TRY IT. Give the lines below again exactly, starting with the line that holds "using r by linarith" and going on through the line that holds "CARD('n) * (real".

DATA PROVIDED.
· · · · · · ·

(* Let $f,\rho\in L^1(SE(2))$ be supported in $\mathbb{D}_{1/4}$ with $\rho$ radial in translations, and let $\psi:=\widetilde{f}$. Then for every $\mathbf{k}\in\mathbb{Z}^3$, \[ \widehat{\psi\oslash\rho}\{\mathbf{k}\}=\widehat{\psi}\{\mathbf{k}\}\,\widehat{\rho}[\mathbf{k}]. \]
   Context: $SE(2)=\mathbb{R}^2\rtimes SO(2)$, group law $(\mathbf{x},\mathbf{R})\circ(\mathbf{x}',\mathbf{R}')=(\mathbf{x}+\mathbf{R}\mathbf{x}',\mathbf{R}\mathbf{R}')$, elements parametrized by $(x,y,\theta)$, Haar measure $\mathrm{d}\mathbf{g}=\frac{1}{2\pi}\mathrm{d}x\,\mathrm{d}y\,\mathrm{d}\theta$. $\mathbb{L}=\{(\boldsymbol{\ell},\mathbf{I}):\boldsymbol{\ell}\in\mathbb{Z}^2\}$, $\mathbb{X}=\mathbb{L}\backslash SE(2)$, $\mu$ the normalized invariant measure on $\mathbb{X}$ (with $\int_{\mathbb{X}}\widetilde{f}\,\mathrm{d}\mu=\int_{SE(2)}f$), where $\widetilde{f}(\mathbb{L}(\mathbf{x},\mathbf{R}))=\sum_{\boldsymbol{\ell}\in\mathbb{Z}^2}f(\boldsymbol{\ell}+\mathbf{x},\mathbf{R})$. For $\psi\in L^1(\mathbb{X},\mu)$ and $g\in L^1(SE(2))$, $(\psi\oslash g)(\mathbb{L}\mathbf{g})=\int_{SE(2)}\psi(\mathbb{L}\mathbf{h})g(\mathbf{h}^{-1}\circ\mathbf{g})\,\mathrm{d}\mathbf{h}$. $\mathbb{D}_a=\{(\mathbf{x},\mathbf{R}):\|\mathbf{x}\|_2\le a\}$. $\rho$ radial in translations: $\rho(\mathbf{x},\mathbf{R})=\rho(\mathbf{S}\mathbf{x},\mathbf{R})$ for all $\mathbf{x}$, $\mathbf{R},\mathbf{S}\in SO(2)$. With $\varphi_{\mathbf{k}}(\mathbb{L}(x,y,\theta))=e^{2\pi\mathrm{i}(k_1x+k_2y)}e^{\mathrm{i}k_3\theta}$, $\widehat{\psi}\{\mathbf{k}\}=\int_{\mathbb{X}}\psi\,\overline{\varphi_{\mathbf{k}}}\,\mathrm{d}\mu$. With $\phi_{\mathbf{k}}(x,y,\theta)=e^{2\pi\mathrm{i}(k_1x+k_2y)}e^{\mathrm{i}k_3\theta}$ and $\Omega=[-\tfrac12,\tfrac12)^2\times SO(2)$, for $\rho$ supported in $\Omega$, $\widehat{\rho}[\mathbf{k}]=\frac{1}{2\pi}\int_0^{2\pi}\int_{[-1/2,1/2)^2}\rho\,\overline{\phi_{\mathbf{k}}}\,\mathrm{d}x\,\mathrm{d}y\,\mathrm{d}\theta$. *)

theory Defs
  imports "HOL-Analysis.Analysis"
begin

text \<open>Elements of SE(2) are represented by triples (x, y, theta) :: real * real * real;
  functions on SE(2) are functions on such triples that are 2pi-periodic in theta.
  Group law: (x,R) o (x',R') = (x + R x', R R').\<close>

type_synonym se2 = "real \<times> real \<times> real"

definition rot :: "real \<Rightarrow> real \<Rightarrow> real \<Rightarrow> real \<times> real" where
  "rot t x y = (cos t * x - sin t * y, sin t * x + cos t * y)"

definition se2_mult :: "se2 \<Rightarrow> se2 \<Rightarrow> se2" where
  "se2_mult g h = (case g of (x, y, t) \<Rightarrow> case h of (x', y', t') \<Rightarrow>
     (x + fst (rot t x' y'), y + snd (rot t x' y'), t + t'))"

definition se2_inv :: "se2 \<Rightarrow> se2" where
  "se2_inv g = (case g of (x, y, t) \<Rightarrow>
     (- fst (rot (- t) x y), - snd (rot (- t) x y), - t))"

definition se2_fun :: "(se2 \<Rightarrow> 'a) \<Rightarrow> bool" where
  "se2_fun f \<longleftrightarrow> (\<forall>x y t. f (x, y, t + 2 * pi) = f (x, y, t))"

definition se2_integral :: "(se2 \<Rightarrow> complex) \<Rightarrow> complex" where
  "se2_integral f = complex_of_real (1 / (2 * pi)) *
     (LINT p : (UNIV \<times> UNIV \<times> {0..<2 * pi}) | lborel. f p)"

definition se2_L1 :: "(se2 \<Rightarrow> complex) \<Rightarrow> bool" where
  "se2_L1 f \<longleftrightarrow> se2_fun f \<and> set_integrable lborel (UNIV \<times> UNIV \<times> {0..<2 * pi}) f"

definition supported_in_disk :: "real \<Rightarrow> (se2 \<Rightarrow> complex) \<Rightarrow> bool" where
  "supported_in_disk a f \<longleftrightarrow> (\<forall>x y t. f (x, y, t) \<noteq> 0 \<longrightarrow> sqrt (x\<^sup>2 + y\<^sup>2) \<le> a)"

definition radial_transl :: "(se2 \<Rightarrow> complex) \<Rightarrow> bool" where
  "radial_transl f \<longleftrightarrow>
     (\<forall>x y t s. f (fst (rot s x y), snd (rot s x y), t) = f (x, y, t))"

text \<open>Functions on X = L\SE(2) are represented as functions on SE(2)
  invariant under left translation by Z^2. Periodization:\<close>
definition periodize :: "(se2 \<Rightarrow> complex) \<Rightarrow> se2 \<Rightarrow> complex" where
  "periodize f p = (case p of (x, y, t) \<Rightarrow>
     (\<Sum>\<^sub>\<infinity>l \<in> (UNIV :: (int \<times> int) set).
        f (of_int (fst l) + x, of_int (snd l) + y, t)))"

· · · · · · ·

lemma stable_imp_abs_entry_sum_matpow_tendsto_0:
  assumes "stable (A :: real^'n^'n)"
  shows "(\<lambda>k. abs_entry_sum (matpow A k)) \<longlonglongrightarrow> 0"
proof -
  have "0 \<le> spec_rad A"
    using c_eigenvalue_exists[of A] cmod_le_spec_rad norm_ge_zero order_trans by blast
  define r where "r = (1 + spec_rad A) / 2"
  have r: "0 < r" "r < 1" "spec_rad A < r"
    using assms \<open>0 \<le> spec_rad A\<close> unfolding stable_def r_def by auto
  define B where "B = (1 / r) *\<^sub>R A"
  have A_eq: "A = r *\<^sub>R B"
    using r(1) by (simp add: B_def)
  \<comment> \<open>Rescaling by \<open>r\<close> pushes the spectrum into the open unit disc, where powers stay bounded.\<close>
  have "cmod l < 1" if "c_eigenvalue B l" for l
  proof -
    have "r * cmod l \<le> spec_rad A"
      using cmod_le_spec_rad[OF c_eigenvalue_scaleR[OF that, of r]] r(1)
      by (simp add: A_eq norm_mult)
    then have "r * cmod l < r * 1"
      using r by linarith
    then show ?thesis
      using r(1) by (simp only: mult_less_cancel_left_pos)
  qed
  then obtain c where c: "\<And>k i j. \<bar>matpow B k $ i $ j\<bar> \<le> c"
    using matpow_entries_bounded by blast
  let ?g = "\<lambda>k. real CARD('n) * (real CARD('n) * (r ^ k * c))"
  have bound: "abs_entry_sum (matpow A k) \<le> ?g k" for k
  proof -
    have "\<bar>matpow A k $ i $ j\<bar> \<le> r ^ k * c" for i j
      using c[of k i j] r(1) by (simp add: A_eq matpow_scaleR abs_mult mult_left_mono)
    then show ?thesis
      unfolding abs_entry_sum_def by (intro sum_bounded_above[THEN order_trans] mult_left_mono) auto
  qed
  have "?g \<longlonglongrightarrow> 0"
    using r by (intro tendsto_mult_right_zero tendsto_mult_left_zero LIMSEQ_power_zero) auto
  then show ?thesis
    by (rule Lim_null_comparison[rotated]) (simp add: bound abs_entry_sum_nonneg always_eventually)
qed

· · · · · · ·

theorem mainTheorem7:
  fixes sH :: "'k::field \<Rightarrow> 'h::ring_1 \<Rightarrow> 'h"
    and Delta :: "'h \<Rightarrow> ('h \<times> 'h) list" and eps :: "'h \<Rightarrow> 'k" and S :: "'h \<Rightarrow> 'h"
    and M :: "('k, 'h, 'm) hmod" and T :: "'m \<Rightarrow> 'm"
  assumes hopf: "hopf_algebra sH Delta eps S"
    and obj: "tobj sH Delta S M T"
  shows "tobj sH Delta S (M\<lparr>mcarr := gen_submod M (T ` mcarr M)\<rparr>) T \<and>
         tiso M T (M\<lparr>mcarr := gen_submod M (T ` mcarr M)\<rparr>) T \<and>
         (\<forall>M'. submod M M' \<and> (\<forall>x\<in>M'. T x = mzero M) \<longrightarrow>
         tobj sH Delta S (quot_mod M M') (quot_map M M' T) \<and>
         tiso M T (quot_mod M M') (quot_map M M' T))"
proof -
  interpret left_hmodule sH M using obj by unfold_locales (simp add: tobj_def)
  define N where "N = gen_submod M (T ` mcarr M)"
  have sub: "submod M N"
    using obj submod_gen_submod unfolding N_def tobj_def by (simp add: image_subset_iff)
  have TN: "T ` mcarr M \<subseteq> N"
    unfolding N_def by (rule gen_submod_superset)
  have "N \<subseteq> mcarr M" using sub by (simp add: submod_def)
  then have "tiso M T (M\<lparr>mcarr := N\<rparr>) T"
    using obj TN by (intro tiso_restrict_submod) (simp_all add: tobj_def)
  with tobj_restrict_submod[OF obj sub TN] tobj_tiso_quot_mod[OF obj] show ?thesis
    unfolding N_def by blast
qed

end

· · · · · · ·

THE COMPLETED TASK.
      using r by linarith
    then show ?thesis
      using r(1) by (simp only: mult_less_cancel_left_pos)
  qed
  then obtain c where c: "\<And>k i j. \<bar>matpow B k $ i $ j\<bar> \<le> c"
    using matpow_entries_bounded by blast
  let ?g = "\<lambda>k. real CARD('n) * (real CARD('n) * (r ^ k * c))"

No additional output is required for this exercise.